Exactly as they appear below, repeat the lines from the one with "unfolding stirling_harm_poly_def using" through the one with "unfolding mult_falling_fact harm_Suc", and no others.

□ □ □

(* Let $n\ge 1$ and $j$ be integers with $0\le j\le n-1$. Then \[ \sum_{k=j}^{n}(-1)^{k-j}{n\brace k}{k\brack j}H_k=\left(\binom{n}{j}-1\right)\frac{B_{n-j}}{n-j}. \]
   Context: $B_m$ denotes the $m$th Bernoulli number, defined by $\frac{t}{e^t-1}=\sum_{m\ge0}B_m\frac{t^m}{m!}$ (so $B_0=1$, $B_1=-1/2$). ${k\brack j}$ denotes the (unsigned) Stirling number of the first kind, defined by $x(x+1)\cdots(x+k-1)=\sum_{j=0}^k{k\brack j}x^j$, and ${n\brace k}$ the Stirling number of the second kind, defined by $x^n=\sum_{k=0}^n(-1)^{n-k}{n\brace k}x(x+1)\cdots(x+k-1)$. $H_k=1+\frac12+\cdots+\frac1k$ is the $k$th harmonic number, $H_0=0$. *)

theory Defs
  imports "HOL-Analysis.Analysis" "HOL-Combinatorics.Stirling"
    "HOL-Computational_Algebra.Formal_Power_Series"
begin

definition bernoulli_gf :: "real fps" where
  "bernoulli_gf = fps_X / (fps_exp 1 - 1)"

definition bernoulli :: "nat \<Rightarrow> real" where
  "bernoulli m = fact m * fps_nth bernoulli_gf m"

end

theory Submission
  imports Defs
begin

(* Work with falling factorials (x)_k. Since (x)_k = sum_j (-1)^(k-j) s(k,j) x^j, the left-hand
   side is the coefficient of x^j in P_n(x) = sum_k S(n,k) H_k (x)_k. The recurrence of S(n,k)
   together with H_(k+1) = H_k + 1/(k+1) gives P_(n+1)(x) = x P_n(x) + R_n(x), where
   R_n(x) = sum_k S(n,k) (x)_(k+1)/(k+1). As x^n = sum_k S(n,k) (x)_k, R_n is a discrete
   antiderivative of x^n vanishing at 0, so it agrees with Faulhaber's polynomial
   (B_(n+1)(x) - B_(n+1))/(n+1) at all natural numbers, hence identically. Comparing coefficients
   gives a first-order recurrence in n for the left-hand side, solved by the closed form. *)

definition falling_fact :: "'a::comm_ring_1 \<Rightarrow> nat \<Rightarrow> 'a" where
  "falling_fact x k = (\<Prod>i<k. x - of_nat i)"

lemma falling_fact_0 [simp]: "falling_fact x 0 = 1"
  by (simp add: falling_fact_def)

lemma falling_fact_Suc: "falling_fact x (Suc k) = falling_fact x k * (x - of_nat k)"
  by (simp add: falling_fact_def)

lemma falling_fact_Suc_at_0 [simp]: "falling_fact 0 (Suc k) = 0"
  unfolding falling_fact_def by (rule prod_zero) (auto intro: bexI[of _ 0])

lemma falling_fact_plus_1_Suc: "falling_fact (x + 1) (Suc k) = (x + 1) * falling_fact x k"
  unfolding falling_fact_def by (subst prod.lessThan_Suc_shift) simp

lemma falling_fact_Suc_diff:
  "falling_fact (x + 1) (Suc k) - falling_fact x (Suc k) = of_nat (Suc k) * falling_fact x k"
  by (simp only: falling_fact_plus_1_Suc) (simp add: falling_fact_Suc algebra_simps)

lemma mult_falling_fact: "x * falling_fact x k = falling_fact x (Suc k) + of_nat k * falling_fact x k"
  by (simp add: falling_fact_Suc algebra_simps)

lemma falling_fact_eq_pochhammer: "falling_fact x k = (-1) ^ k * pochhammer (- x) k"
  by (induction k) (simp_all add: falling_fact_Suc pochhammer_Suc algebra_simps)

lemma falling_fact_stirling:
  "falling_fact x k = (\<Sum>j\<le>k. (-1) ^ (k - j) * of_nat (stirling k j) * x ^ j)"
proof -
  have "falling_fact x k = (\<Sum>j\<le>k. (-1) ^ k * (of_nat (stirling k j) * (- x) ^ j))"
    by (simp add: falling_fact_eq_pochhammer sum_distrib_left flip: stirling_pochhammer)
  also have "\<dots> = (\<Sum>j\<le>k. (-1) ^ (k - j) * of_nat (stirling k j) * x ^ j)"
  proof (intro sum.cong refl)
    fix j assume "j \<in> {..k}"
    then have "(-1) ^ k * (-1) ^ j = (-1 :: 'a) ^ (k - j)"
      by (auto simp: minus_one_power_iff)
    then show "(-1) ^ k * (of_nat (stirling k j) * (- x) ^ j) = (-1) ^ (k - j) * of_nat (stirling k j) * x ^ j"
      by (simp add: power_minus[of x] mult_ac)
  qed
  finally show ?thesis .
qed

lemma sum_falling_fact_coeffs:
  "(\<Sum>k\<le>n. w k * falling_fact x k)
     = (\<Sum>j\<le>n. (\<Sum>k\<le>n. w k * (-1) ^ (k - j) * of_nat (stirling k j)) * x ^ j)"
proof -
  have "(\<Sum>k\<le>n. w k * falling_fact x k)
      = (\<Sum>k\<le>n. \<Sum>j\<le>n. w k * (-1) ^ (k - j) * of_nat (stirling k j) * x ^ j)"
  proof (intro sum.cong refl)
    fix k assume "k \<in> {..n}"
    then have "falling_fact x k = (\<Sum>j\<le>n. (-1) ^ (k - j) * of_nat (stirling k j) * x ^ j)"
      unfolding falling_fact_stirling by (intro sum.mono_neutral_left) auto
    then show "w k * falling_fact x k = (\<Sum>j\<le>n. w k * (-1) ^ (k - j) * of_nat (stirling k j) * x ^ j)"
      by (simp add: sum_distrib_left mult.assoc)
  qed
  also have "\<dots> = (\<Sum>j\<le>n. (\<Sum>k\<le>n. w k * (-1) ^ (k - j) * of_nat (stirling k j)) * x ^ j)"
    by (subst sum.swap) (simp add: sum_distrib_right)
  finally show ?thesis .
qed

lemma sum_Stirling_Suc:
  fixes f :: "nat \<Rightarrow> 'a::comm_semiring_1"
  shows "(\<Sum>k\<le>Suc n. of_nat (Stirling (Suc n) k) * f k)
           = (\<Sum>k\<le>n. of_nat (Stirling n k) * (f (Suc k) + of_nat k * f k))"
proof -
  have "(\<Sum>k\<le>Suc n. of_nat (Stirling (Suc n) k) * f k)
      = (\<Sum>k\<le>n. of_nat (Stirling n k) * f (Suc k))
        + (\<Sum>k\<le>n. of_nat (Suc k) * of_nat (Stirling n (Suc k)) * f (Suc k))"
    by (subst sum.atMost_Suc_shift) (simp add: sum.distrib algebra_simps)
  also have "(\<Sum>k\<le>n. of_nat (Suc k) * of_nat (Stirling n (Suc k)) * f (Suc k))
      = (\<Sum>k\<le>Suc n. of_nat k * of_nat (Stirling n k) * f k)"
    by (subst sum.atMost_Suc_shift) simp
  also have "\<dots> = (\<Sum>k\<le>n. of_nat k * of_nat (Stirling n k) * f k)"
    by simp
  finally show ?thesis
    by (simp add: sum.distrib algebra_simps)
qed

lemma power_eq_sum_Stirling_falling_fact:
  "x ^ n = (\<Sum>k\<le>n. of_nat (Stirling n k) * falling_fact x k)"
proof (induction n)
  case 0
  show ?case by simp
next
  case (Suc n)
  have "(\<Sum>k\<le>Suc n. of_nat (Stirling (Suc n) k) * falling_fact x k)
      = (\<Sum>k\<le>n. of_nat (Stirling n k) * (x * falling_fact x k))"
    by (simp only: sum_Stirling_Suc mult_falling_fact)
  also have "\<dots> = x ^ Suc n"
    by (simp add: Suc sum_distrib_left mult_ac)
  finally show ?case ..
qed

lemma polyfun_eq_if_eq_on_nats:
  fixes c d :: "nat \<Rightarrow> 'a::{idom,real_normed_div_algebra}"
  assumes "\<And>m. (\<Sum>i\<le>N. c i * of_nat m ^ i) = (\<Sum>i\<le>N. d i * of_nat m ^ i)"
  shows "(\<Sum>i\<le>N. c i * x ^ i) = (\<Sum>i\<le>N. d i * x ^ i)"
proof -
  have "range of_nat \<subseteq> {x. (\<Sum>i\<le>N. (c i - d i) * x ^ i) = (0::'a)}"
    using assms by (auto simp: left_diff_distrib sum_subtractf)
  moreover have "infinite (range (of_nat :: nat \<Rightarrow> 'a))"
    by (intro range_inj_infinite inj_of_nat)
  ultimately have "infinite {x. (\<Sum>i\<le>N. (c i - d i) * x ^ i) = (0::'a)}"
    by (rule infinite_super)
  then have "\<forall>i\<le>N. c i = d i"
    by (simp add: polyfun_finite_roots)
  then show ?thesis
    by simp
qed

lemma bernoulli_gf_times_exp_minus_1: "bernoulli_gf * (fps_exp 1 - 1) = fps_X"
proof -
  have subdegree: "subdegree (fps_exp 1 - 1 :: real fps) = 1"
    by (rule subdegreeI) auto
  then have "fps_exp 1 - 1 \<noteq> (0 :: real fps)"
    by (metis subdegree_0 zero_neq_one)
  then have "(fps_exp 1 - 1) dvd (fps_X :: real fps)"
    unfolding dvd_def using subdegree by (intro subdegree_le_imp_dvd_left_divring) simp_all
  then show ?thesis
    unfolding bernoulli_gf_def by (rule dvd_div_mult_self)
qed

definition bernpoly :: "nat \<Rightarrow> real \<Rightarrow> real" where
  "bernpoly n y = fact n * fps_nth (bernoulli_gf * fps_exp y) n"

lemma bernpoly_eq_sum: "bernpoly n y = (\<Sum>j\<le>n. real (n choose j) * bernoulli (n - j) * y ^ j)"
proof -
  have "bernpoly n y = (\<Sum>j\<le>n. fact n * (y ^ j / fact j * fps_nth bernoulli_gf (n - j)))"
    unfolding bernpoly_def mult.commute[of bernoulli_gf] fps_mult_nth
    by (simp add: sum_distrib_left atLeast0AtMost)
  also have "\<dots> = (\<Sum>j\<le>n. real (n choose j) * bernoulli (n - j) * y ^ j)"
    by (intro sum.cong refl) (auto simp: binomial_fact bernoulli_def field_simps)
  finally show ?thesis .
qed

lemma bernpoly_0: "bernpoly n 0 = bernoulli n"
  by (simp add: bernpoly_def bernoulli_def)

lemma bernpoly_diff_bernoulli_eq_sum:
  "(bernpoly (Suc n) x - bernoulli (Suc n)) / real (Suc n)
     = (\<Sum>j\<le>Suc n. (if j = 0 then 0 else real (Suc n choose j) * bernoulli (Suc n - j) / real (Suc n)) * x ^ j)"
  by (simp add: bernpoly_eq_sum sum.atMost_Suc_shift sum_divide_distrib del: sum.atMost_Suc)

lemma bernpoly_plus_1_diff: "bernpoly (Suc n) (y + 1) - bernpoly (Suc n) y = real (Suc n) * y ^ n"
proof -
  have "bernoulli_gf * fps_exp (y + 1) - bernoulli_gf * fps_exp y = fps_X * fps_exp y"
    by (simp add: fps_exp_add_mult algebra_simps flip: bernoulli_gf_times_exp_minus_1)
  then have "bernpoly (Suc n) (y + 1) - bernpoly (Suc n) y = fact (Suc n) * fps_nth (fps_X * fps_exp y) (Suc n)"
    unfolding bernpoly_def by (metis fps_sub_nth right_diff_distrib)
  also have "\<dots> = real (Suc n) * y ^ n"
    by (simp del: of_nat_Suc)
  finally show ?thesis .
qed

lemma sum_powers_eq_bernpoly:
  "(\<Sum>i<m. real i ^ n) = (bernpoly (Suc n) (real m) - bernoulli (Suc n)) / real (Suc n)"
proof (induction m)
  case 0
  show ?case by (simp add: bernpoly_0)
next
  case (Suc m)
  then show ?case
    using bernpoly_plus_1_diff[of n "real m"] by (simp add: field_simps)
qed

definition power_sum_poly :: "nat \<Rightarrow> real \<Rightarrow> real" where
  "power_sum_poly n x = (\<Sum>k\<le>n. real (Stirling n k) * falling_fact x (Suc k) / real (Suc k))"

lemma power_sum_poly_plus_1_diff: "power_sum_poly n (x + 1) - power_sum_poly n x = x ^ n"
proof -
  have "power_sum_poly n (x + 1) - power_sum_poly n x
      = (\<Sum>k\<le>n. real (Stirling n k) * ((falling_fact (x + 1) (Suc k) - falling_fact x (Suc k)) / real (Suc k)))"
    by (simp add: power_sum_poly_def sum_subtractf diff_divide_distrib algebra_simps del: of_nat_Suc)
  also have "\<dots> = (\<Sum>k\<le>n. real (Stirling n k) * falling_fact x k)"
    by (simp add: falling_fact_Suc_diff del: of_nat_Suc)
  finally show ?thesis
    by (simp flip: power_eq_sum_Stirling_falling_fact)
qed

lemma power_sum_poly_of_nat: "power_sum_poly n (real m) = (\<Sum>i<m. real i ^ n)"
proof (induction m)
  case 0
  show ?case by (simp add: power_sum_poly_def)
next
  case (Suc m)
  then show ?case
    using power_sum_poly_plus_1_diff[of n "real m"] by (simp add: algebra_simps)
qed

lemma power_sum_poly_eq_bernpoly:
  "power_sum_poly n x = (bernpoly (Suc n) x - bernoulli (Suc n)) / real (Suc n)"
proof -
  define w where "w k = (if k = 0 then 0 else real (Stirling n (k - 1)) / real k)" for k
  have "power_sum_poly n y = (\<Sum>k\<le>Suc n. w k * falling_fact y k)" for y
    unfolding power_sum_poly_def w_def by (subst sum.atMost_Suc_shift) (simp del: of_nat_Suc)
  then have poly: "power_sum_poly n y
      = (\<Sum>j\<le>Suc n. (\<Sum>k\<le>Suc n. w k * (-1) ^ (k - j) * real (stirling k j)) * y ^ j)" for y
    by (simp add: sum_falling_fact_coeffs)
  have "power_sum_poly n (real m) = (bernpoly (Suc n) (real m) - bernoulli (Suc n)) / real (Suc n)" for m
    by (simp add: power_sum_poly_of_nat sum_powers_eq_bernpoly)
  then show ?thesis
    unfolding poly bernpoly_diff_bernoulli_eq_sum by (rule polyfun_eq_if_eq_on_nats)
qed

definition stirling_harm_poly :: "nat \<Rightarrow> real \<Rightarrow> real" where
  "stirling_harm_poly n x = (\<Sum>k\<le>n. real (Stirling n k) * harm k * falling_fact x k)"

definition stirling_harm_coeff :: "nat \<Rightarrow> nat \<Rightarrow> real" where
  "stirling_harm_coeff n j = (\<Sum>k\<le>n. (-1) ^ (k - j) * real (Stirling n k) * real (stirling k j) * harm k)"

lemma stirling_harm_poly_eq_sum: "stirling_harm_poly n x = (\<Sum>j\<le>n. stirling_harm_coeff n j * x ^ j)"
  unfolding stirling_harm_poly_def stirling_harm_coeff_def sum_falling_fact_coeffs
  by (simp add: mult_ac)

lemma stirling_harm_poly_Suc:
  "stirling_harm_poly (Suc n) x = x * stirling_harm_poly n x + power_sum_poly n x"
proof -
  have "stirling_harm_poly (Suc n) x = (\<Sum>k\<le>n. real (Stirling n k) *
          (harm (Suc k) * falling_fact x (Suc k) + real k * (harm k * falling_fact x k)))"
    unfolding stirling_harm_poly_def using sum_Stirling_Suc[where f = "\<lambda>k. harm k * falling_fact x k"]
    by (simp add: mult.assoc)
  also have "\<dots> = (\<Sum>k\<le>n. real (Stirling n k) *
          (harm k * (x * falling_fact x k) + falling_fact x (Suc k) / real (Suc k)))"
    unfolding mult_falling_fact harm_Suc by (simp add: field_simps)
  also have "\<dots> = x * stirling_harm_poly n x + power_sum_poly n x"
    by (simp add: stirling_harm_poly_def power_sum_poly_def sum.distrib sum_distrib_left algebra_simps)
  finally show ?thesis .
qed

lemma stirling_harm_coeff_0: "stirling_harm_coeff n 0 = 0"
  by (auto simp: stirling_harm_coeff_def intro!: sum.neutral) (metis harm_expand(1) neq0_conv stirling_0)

□ □ □

> **Final answer**:
    unfolding stirling_harm_poly_def using sum_Stirling_Suc[where f = "\<lambda>k. harm k * falling_fact x k"]
    by (simp add: mult.assoc)
  also have "\<dots> = (\<Sum>k\<le>n. real (Stirling n k) *
          (harm k * (x * falling_fact x k) + falling_fact x (Suc k) / real (Suc k)))"
    unfolding mult_falling_fact harm_Suc by (simp add: field_simps)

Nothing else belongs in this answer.